## [Task]
Entries follow. Return each line that contains the word "assumes".

## [Supplied entries]

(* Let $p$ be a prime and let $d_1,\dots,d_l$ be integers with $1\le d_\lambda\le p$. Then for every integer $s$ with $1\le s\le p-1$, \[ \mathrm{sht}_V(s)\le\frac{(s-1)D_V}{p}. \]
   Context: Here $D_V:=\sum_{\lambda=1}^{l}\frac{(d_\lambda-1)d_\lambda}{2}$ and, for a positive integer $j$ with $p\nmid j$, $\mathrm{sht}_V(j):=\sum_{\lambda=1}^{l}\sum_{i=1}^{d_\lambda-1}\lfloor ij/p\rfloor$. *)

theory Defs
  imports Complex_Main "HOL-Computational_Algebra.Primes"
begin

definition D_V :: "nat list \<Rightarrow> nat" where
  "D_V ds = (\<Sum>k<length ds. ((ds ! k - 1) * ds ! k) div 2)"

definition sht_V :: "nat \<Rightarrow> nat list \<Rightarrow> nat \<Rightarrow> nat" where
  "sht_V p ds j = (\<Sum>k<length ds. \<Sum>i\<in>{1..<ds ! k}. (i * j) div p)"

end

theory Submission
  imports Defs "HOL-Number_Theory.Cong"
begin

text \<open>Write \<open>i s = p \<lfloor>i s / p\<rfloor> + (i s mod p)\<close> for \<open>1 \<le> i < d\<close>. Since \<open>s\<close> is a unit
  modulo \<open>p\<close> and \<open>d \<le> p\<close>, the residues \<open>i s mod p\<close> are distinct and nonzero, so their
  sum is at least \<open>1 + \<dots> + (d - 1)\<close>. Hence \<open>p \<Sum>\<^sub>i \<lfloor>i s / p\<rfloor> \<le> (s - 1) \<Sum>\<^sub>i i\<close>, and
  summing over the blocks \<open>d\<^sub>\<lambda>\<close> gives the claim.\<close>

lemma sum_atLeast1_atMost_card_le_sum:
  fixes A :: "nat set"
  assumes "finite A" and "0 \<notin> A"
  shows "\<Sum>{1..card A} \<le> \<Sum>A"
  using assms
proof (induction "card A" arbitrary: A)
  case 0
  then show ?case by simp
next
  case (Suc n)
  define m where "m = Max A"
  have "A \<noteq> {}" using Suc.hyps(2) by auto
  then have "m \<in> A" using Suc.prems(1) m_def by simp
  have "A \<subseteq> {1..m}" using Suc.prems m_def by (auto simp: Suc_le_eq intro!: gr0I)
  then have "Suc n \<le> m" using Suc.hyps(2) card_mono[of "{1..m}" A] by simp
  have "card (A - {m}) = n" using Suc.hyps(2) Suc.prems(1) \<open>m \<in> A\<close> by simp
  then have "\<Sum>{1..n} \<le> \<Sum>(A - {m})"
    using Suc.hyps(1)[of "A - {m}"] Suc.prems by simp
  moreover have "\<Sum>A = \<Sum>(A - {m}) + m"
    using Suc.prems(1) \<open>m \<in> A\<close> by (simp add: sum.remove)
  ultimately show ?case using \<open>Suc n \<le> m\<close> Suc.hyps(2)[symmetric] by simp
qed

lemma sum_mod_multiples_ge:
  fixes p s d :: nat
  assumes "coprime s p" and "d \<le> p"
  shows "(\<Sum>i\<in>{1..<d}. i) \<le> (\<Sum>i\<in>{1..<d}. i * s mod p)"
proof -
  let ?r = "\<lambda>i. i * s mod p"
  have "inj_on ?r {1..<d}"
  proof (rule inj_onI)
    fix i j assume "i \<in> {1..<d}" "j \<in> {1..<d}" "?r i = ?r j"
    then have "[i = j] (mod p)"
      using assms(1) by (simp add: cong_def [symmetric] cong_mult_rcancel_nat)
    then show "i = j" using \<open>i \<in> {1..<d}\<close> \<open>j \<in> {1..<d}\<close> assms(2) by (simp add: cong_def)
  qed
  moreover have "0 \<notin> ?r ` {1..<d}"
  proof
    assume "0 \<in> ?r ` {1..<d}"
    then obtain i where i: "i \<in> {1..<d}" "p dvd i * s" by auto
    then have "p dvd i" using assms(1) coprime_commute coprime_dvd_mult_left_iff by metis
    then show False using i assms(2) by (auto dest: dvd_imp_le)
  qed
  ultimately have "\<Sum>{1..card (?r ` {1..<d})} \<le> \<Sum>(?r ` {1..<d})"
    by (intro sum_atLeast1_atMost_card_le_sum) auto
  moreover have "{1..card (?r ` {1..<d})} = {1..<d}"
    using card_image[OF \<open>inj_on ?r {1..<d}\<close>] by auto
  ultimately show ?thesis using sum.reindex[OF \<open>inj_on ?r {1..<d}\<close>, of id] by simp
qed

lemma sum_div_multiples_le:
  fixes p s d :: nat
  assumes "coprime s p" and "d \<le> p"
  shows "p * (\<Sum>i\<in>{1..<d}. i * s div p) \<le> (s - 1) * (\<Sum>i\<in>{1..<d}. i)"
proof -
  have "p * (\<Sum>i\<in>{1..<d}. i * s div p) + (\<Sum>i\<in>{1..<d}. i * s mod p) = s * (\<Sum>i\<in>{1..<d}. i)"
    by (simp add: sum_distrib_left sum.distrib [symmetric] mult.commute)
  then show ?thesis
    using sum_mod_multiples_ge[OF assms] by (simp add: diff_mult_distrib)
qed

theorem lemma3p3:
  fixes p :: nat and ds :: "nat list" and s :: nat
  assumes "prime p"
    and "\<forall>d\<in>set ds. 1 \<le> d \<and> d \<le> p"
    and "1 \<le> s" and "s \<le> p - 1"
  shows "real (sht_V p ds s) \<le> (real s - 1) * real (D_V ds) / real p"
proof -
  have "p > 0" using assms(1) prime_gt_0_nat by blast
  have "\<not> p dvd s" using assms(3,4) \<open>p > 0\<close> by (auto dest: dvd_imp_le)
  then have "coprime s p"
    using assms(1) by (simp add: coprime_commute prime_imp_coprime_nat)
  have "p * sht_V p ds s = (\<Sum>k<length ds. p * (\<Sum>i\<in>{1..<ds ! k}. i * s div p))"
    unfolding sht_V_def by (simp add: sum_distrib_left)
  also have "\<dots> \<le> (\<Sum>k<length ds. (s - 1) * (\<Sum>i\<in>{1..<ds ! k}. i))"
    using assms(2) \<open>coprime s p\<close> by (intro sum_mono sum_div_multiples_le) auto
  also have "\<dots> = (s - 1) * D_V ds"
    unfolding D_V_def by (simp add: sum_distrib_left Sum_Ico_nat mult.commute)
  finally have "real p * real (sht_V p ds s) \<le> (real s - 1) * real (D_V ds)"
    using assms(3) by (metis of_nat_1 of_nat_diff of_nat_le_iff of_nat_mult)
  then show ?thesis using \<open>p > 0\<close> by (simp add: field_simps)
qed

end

## [Answer to the exercise]
  assumes "finite A" and "0 \<notin> A"
  assumes "coprime s p" and "d \<le> p"
  assumes "coprime s p" and "d \<le> p"
  assumes "prime p"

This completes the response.